In this systematic review, 20 articles involving a substantial canine population of 2,359,275 dogs, with 4807 cases of AF, were comprehensively evaluated. Notably, no paper received an excellent quality rating, with the majority, particularly those published since 2016, falling into the “fair” category according to established guidelines. Papers from earlier decades, particularly the 1970s and 1980s, demonstrated lower quality ratings and were assessed as “poor”.
While the use of the term “lone” or primary atrial fibrillation (AF) has been questioned in human medicine [11], it persists in the context of canine medicine to denote a condition where AF develops without a recognizable underlying cardiac disease [7]. This phenomenon is observed in a minority of dogs, predominantly among large or giant breeds, with the Irish Wolfhound exhibiting a genetic predisposition for the arrhythmia [29]. Additionally, a subset of dogs has been reported with paroxysmal AF presumed to be neurally mediated, following syncopal episodes [17]. However, in the canine context, AF predominantly takes on a long-standing persistent or permanent nature and is commonly associated with underlying structural cardiac diseases, particularly DCM, MMVD, and CHD. This form of AF is referred to as secondary AF [7].

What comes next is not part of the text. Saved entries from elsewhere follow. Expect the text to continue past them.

lemma nn_cond_exp_sq_le:
  assumes [measurable]: "f \<in> borel_measurable M"
  shows "AE x in M. (nn_cond_exp M F f x)\<^sup>2 \<le> nn_cond_exp M F (\<lambda>y. (f y)\<^sup>2) x"
proof -
  define e where "e = nn_cond_exp M F f"
  have [measurable]: "e \<in> borel_measurable F"
    unfolding e_def by simp
  \<comment> \<open>Condition the pointwise bound \<open>2 t f \<le> t\<^sup>2 + f\<^sup>2\<close> on the \<open>F\<close>-measurable choice \<open>t = E f\<close>
    (replaced by \<open>1\<close> where \<open>E f = \<top>\<close>), then cancel \<open>t\<^sup>2\<close>.\<close>
  define t where "t x = (if e x = \<top> then 1 else e x)" for x
  have tF[measurable]: "t \<in> borel_measurable F"
    unfolding t_def by measurable
  have [measurable]: "t \<in> borel_measurable M"
    by (rule measurable_from_subalg[OF subalg tF])
  have amgm: "AE x in M. nn_cond_exp M F (\<lambda>y. 2 * t y * f y) x \<le> nn_cond_exp M F (\<lambda>y. t y * t y + f y * f y) x"
    by (rule nn_cond_exp_mono) (auto intro: ennreal_sum_squares_bound)
  have mult: "AE x in M. (2 * t x) * e x = nn_cond_exp M F (\<lambda>y. 2 * t y * f y) x"
    unfolding e_def by (rule nn_cond_exp_prod) auto
  have add: "AE x in M. nn_cond_exp M F (\<lambda>y. t y * t y) x + nn_cond_exp M F (\<lambda>y. f y * f y) x
      = nn_cond_exp M F (\<lambda>y. t y * t y + f y * f y) x"
    by (rule nn_cond_exp_sum) auto
  have t_sq: "AE x in M. t x * t x = nn_cond_exp M F (\<lambda>y. t y * t y) x"
    by (rule nn_cond_exp_F_meas) auto
  from amgm mult add t_sq show ?thesis
    unfolding power2_eq_square e_def[symmetric]
  proof eventually_elim
    case (elim x)
    let ?s = "nn_cond_exp M F (\<lambda>y. f y * f y) x"
    have le: "2 * t x * e x \<le> t x * t x + ?s"
      using elim by (simp add: add.commute)
    show ?case
    proof (cases "e x = \<top>")
      case True
      with le have "\<top> \<le> 1 + ?s"
        by (simp add: t_def ennreal_mult_eq_top_iff)
      then show ?thesis
        by (simp add: top_unique)
    next
      case False
      then have "t x = e x" and fin: "e x * e x \<noteq> \<top>"
        by (simp_all add: t_def ennreal_mult_eq_top_iff)
      with le have "e x * e x + e x * e x \<le> e x * e x + ?s"
        by (simp add: mult_2 distrib_right mult.assoc)
      with fin show ?thesis
        by (simp add: ennreal_add_left_cancel_le)
    qed
  qed
qed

Numerous studies in human medicine have delved into the multifaceted landscape of AF risk factors [11,12,13,14,15]. These investigations span various domains, encompassing demographic factors such as age, sex, and ethnicity; health behaviors, including smoking, alcohol intake, and physical activity; broader health factors like height, hypertension, obesity, diabetes mellitus, and renal dysfunction; cardiovascular disorders, including heart failure, valvular disease, coronary artery disease, and CHD; and genetic factors [11,12,13,14,15]. This systematic review affirms that certain risk factors implicated in human AF may also contribute to the development of AF in dogs. Notably, cardiovascular disorders, in particular valvular disease, exhibit relevance across both species. However, other factors integral to human AF, such as health behaviors (e.g., smoking tobacco and alcohol intake) and broader health factors (e.g., height, concurrent non-cardiac disorders), are either not applicable or have been inadequately investigated in the canine population [4,5].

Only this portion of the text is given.